Abschied ohne Plan B
Chapeau, Mr. Strolz! Sie haben bewiesen, dass es vor und nach der Politik auch noch ein Leben gibt. Nur innerhalb der Politik leider nicht. Deswegen hat beim Neos-Gründer nach der Lust auf Gestaltung doch wieder die Angst vor der Deformation durch den politischen Betrieb überwogen. Diese Frage geht uns alle an: Wie konnte Politik ein derart menschenverachtendes, zynisches Geschäft werden? Und zwar nicht nur für jene, die von Gesetzen betroffen, aber nicht wahlberechtigt sind. Auch für jene, die diese Regeln beschließen dürfen in einem – so das gängige Vorurteil – mit viel Komfort und Privilegien gepolsterten Politikerdasein. Doch das Gegenteil ist der Fall: Die Beschleunigung unseres Lebens lässt aus fünf Jahren Spitzenpolitik gefühlte Jahrzehnte werden.

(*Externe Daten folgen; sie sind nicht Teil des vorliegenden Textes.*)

definition descartes_quad :: "svec \<Rightarrow> svec \<Rightarrow> svec \<Rightarrow> svec \<Rightarrow> bool" where
  "descartes_quad p x y z \<longleftrightarrow>
     descartes_triple p x y \<and> lorentz z z = 1 \<and> lorentz p z = -1 \<and> lorentz x z = -1 \<and> lorentz y z = -1"

lemma svec_eq_iff: "t = u \<longleftrightarrow> sx t = sx u \<and> sy t = sy u \<and> sa t = sa u \<and> sac t = sac u"
  by (cases t; cases u) (auto simp: sx_def sy_def sa_def sac_def)

lemma svec_coords_simps [simp]:
  "sx (x, y, a, ac) = x" "sy (x, y, a, ac) = y" "sa (x, y, a, ac) = a" "sac (x, y, a, ac) = ac"
  "sx (t + u) = sx t + sx u" "sy (t + u) = sy t + sy u" "sa (t + u) = sa t + sa u" "sac (t + u) = sac t + sac u"
  "sx (t - u) = sx t - sx u" "sy (t - u) = sy t - sy u" "sa (t - u) = sa t - sa u" "sac (t - u) = sac t - sac u"
  "sx (- t) = - sx t" "sy (- t) = - sy t" "sa (- t) = - sa t" "sac (- t) = - sac t"
  "sx (k *\<^sub>R t) = k * sx t" "sy (k *\<^sub>R t) = k * sy t" "sa (k *\<^sub>R t) = k * sa t" "sac (k *\<^sub>R t) = k * sac t"
  "sx 0 = 0" "sy 0 = 0" "sa 0 = 0" "sac 0 = 0"
  by (simp_all add: sx_def sy_def sa_def sac_def)

lemma sxy_simps [simp]: "sxy (t + u) = sxy t + sxy u" "sxy (t - u) = sxy t - sxy u" "sxy (- t) = - sxy t"
  "sxy (k *\<^sub>R t) = of_real k * sxy t"
  by (simp_all add: sxy_def complex_eq_iff)

lemma lorentz_commute: "lorentz t u = lorentz u t"
  by (simp add: lorentz_def algebra_simps)

lemma lorentz_simps [simp]:
  "lorentz (t + u) v = lorentz t v + lorentz u v" "lorentz (t - u) v = lorentz t v - lorentz u v"
  "lorentz (- t) v = - lorentz t v" "lorentz (k *\<^sub>R t) v = k * lorentz t v"
  "lorentz v (t + u) = lorentz v t + lorentz v u" "lorentz v (t - u) = lorentz v t - lorentz v u"
  "lorentz v (- t) = - lorentz v t" "lorentz v (k *\<^sub>R t) = k * lorentz v t"
  "lorentz 0 v = 0" "lorentz v 0 = 0"
  by (simp_all add: lorentz_def field_simps)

Zum Abschied gibt es immer Rosen. Von Freunden mit ein paar Tränen, von Feinden mit etwas Erleichterung, überraschenderweise aber auch von vorher scheinbar Unbeteiligten. Vielleicht hätte sich Matthias Strolz dieses Lob schon während seiner aktiven Zeit öfters verdient. Und etwas mehr Privatsphäre und Freizeit für seine Familie. Vielleicht wäre er dann länger geblieben.
Falls wir überhaupt Langzeitpolitiker wollen. Denn Strolz’ Abgang verkörpert eigentlich das Ideal unserer Demokratie mit klugen, unabhängigen, mutigen Mandataren. Deswegen müssen wir sie während ihrer aktiven Zeit angemessen bezahlen. Noch entscheidender aber ist die Durchlässigkeit zwischen Privatwirtschaft und Politik. Heute hat jede weitere berufliche Tätigkeit den Geruch von Versorgungsposten oder führt zum Vorwurf des unerlaubten Ausnützens der politischen Kontakte. Michael Spindelegger und Alfred Gusenbauer etwa sind Beispiele für beides.
Strolz’ Abgang verkörpert eigentlich das Ideal unserer Demokratie mit klugen, mutigen Mandataren.
Das ist das erschreckende Ende von Strolz’ politischer Karriere. Er steigt aus ohne Plan B. Statt eines Versorgungspostens winkt nur die Autonomie über seine Lebensplanung. Dennoch wirkte er irgendwie auch erleichtert, befreit. So wie Eva Glawischnig oder Reinhold Mitterlehner. Eine Kultur, um Sesselkleber gegen die besten Köpfe auszutauschen, fehlt trotzdem noch.